Sent from my iPhone using Tapatalk


----------



## Stevesolar (Dec 21, 2012)

Hi,
It's illegal in the UAE to charge candidates for job applications.
Cheers
Steve


----------



## James9689 (Sep 18, 2016)

Stevesolar said:


> Hi,
> It's illegal in the UAE to charge candidates for job applications.
> Cheers
> Steve




Thanks Steve 


Sent from my iPhone using Tapatalk


----------



## LewsTT (Dec 7, 2015)

Most portals now offer premium memberships for some money. Dont think they are worth it though.

But I remember Gulf network seemed to have a lot of fake/spam job postings when I was job hunting. I'd advise you to stay away from it.


----------



## James9689 (Sep 18, 2016)

LewsTT said:


> Most portals now offer premium memberships for some money. Dont think they are worth it though.
> 
> But I remember Gulf network seemed to have a lot of fake/spam job postings when I was job hunting. I'd advise you to stay away from it.




Thanks Lewis. Any advice on me tying to find a job. I still live in the U.K. But I don't get a reply from anyone. I was think it maybe be best to fly over for a couple of days and speak to people in persons. Show commitment I guess 


Sent from my iPhone using Tapatalk


----------



## Stevesolar (Dec 21, 2012)

James9689 said:


> Thanks Lewis. Any advice on me tying to find a job. I still live in the U.K. But I don't get a reply from anyone. I was think it maybe be best to fly over for a couple of days and speak to people in persons. Show commitment I guess
> 
> 
> Sent from my iPhone using Tapatalk


Hi,
What industry and job role are you in/looking for?
How many years experience in the role?
What qualifications do you have and do you have a degree from a recognised university?
What are your salary expectations?
Cheers
Steve


----------



## James9689 (Sep 18, 2016)

Stevesolar said:


> Hi,
> 
> What industry and job role are you in/looking for?
> 
> ...




Hi Steve.

HS in any industry I would be happy with. Although I'm currently in health & safety in the construction industry but also have experience in manufacturers, importers, exporters, wholesalers, transport businesses. 
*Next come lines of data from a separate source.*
definition weak_solution ::
  "(real \<Rightarrow> real \<Rightarrow> real) \<Rightarrow> real \<Rightarrow> ereal \<Rightarrow> (real \<Rightarrow> real) \<Rightarrow> (real \<Rightarrow> real \<Rightarrow> real) \<Rightarrow> bool" where
  "weak_solution \<Psi> \<beta> T gin g \<longleftrightarrow>
     \<comment> \<open>(jointly measurable representative)\<close>
     (\<lambda>p. if 0 < fst p \<and> snd p \<in> time_int T then g (fst p) (snd p) else 0) \<in> borel_measurable borel \<and>
     \<comment> \<open>non-negativity\<close>
     (\<forall>t\<in>time_int T. AE z in lborel. z > 0 \<longrightarrow> 0 \<le> g z t) \<and>
     \<comment> \<open>g in C([0,T); L^1(0,infinity))\<close>
     (\<forall>t\<in>time_int T. set_integrable lborel {0<..} (\<lambda>z. g z t)) \<and>
     (\<forall>t0\<in>time_int T.
        ((\<lambda>t. LINT z:{0<..}|lborel. \<bar>g z t - g z t0\<bar>) \<longlongrightarrow> 0) (at t0 within time_int T)) \<and>
     \<comment> \<open>g in L^infinity(0,T; L^1_{-2beta,1}(0,infinity))\<close>
     (\<exists>C. AE t in lborel. (0 < t \<and> ereal t < T) \<longrightarrow>
          set_integrable lborel {0<..} (\<lambda>z. (z powr (-2*\<beta>) + z) * g z t) \<and>
          (LINT z:{0<..}|lborel. (z powr (-2*\<beta>) + z) * \<bar>g z t\<bar>) \<le> C) \<and>
     \<comment> \<open>weak formulation\<close>
     (\<forall>t. 0 < t \<and> ereal t < T \<longrightarrow>
        (\<forall>\<omega>::real\<Rightarrow>real. \<omega> \<in> borel_measurable lborel \<and> bounded (\<omega> ` {0<..}) \<longrightarrow>
           (LINT z:{0<..}|lborel. (g z t - gin z) * \<omega> z) =
           1/2 * (LINT s:{0<..<t}|lborel.
                    (LINT z:{0<..}|lborel. (LINT y:{0<..}|lborel.
                        (\<omega> (z + y) - \<omega> z - \<omega> y) * \<Psi> z y * g z s * g y s)))))"

end

theory Submission
  imports Defs
begin

text \<open>Test the weak formulation with the truncations \<open>\<omega>\<^sub>n(z) = min z n\<close>. The increment
  \<open>\<omega>\<^sub>n(z+y) - \<omega>\<^sub>n(z) - \<omega>\<^sub>n(y)\<close> is bounded by \<open>min z y\<close> and vanishes once
  \<open>z + y \<le> n\<close>, while the growth conditions on the kernel give
  \<open>min z y * \<Psi> z y \<le> 2k w(z) w(y)\<close> with \<open>w(z) = z powr (-2\<beta>) + z\<close> (off the null lines
  \<open>z = 1\<close>, \<open>y = 1\<close>, where no bound is assumed). Dominated convergence in \<open>y\<close>, in \<open>z\<close> and
  then in time, the last one using the uniform bound on the weighted norms of \<open>g\<close>, shows that
  the collision term tends to \<open>0\<close>. Hence \<open>\<integral> min z n g(z,t) dz\<close> tends to \<open>\<integral> z gin(z) dz\<close>,
  and monotone convergence identifies the limit with \<open>\<integral> z g(z,t) dz\<close>.\<close>

lemma truncation_increment_abs_le:
  fixes z y n :: real
  assumes "0 < z" "0 < y" "0 \<le> n"
  shows "\<bar>min (z + y) n - min z n - min y n\<bar> \<le> min z y"
  using assms by (auto simp: min_def abs_if)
I've got 4 years experience in the role and I have NEBOSH General certification in occupational health & safety and is recognised by NEBOSH which is highly recognised in all country

Salary expectations 27.000 - 30.000 aed monthly 

Thanks Steve 


Sent from my iPhone using Tapatalk


----------



## Stevesolar (Dec 21, 2012)

James9689 said:


> Hi Steve.
> 
> HS in any industry I would be happy with. Although I'm currently in health & safety in the construction industry but also have experience in manufacturers, importers, exporters, wholesalers, transport businesses.
> 
> ...


Hi,
I honestly think you will struggle to find a role with your level of experience and qualifications, in Dubai - and especially at the salary level you are looking for.
I know a few people in recruitment and they are currently receiving up to 3000 applicants per job.
They don't even bother reading the CVs of people that are not already in the country.
The lack of a degree will stop you being considered for many jobs - as management designation on the work visa requires an attested degree. 
Don't forget - you are competing with candidates from around the globe - many who would do the job happily for 5000-10,000 AED per month.
Many couples come to Dubai when one gets a job here and then the other can look for work at their leisure (that's how we did it).
It's costly and difficult to just turn up in Dubai and try to job hunt in a two week (or less) visit - especially as the recruitment process tends to be drawn out here.
From first interview to offer can easily take 6-8 weeks.
Best of luck
Steve


----------



## James9689 (Sep 18, 2016)

Stevesolar said:


> Hi,
> 
> I honestly think you will struggle to find a role with your level of experience and qualifications, in Dubai - and especially at the salary level you are looking for.
> 
> ...




Thanks Steve I appreciate your time and effort to reply really helps me get my head around all this. That explains why I haven't been receiving anything back from agencies 3000 is a huge number! It's a shame because I think Dubai is great really love the place and I would like to live and work there. I'm back over in November for my holidays. I'll keep trying on the job hunt, I think your right it'll be difficult for me 


Sent from my iPhone using Tapatalk


----------



## twowheelsgood (Feb 21, 2013)

James9689 said:


> Any advice on me tying to find a job.


I'd suggest you read the other thread first.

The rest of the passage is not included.